Friday, Jun. 07, 1968

Choosing the Sex of Rabbits

In the Middle Ages, women who wanted a boy baby were advised to avoid copulation during the dark of the moon and (while an abbot prayed) to drink wine, mixed by an alchemist, with lion's blood. As often as not, they gave birth to girls. And despite scientists' growing understanding of genetics, modern parents are unable to do any better in choosing the sex of their offspring. But help may be on the way. Two English scientists have devised a technique for controlling the sex of rabbits.
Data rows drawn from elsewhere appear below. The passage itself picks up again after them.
(* Let $X$ be a topological vector space over $\mathbb{K}$, let $M\subset X$, and let $\alpha\ge\aleph_0$ be a cardinal with $w(X)\le\alpha$. Then $M$ is $\alpha$-dense-lineable if and only if $M$ is $\alpha$-infinitely $\alpha$-dense-lineable.
   Context: The weight $w(X)$ is the smallest cardinality of a base for the topology of $X$. $M$ is $\beta$-dense-lineable if there is a dense linear subspace $Y$ of $X$ with $\dim(Y)=\beta$ and $Y\subset M\cup\{0\}$. For cardinals $\alpha\ge\aleph_0$ and $\beta$, $M$ is $\alpha$-infinitely $\beta$-dense-lineable if there is a family $\{Y_\kappa\}_{\kappa<\alpha}$ of dense linear subspaces of $X$, each of dimension $\beta$, with $Y_\kappa\subset M\cup\{0\}$ for each $\kappa<\alpha$ and $Y_{\kappa_1}\cap Y_{\kappa_2}=\{0\}$ for $\kappa_1\neq\kappa_2$. *)

theory Defs
  imports "HOL-Analysis.Analysis"
begin

definition tvs :: "('k::{field,topological_space} \<Rightarrow> 'a::{ab_group_add,topological_space} \<Rightarrow> 'a) \<Rightarrow> bool" where
  "tvs sc \<longleftrightarrow> vector_space sc
     \<and> continuous_on UNIV (\<lambda>(x::'a, y::'a). x + y)
     \<and> continuous_on UNIV (\<lambda>(c::'k, x::'a). sc c x)"

definition weight_le :: "'c set \<Rightarrow> 'a::topological_space itself \<Rightarrow> bool" where
  "weight_le A _ \<longleftrightarrow> (\<exists>\<B>::'a set set. topological_basis \<B> \<and> (card_of \<B>, card_of A) \<in> ordLeq)"

definition subspace_of_dim :: "('k::field \<Rightarrow> 'a::ab_group_add \<Rightarrow> 'a) \<Rightarrow> 'a set \<Rightarrow> 'c set \<Rightarrow> bool" where
  "subspace_of_dim sc Y A \<longleftrightarrow> module.subspace sc Y
     \<and> (\<exists>B. \<not> module.dependent sc B \<and> module.span sc B = Y \<and> (card_of B, card_of A) \<in> ordIso)"

definition dense_lineable ::
  "('k::field \<Rightarrow> 'a::{ab_group_add,topological_space} \<Rightarrow> 'a) \<Rightarrow> 'a set \<Rightarrow> 'c set \<Rightarrow> bool" where
  "dense_lineable sc M A \<longleftrightarrow>
     (\<exists>Y. subspace_of_dim sc Y A \<and> closure Y = UNIV \<and> Y \<subseteq> M \<union> {0})"

definition inf_dense_lineable ::
  "('k::field \<Rightarrow> 'a::{ab_group_add,topological_space} \<Rightarrow> 'a) \<Rightarrow> 'a set \<Rightarrow> 'i set \<Rightarrow> 'c set \<Rightarrow> bool" where
  "inf_dense_lineable sc M I A \<longleftrightarrow>
     (\<exists>Y :: 'i \<Rightarrow> 'a set.
        (\<forall>\<kappa>\<in>I. subspace_of_dim sc (Y \<kappa>) A \<and> closure (Y \<kappa>) = UNIV \<and> Y \<kappa> \<subseteq> M \<union> {0})
      \<and> (\<forall>\<kappa>1\<in>I. \<forall>\<kappa>2\<in>I. \<kappa>1 \<noteq> \<kappa>2 \<longrightarrow> Y \<kappa>1 \<inter> Y \<kappa>2 = {0}))"

end

theory Submission
  imports Defs
begin

(* Let Y be a dense subspace with a basis of cardinality alpha >= w(X). If S is a subset of Y
   with |S| < alpha and U is open and nonempty, then Y \<inter> U is not contained in span S:
   otherwise, for y0 in Y \<inter> U and y in Y, the vector y0 + t y lies in U for some scalar t \<noteq> 0,
   so Y would be spanned by S \<union> {y0}, a set of cardinality < alpha.
   Enumerate the pairs (k, U), k ranging over a set of cardinality alpha and U over a base of
   cardinality <= alpha, along a well-order of type alpha, and choose f(k, U) in Y \<inter> U outside
   the span of all earlier choices. The chosen vectors are independent, so the spans Y_k of
   {f(k, U)}_U are dense subspaces of Y of dimension alpha that pairwise meet only in 0. *)

unbundle cardinal_syntax

lemma card_of_ordLess_infinite_if_finite: "finite A \<Longrightarrow> infinite B \<Longrightarrow> |A| <o |B|"
  by (rule finite_ordLess_infinite[OF card_of_Well_order card_of_Well_order]) (auto simp: Field_card_of)

context vector_space
begin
Their method, the first to achieve 100% accuracy with any mammal, may some day be applied to humans.

Cambridge University Physiologists Richard Gardner and Robert Edwards reported in Nature that they mated rabbits, then from the females took fertilized egg cells that had already grown into tiny embryos but had not yet become implanted in the uterine wall. They placed each embryo under a microscope, cut a tiny slit in its surrounding membrane and drew out several hundred cells with a suction pipette. The cells were then examined for the presence of sex chromatin, a substance found only in female cells. Separated into male and female groups, the embryos were next placed in a culture medium, a laboratory equivalent of a hospital recovery room.

After several hours, the fully recovered and sex-identified embryos were dropped into slits made in the uterus of mature female rabbits that had been treated with hormones to make the uterine walls receptive to implantation of the embryos. In each of 18 completed pregnancies, the female rabbits gave birth to young of the sex predetermined by the scientists.

The next application of the new technique, Physiologist Edwards believes, will be with such animals as sheep and cows. Most mammals can be induced to produce extra eggs, he says, by hormone treatments. Thus an impregnated cow could produce as many as four embryos that could be flushed out, sex-identified and selectively reimplanted. Since milk-producing cows are far more valuable than a plethora of bulls, the practice promises economic advantages. Human sex determination will be far more difficult, the scientists caution. Obtaining human eggs, fertilizing them on the laboratory bench and culturing the early embryos to the point where sex identification is possible are techniques still far beyond today's laboratory skills. "We may get to human embryos," says Edwards, "but that will be in the long, long future."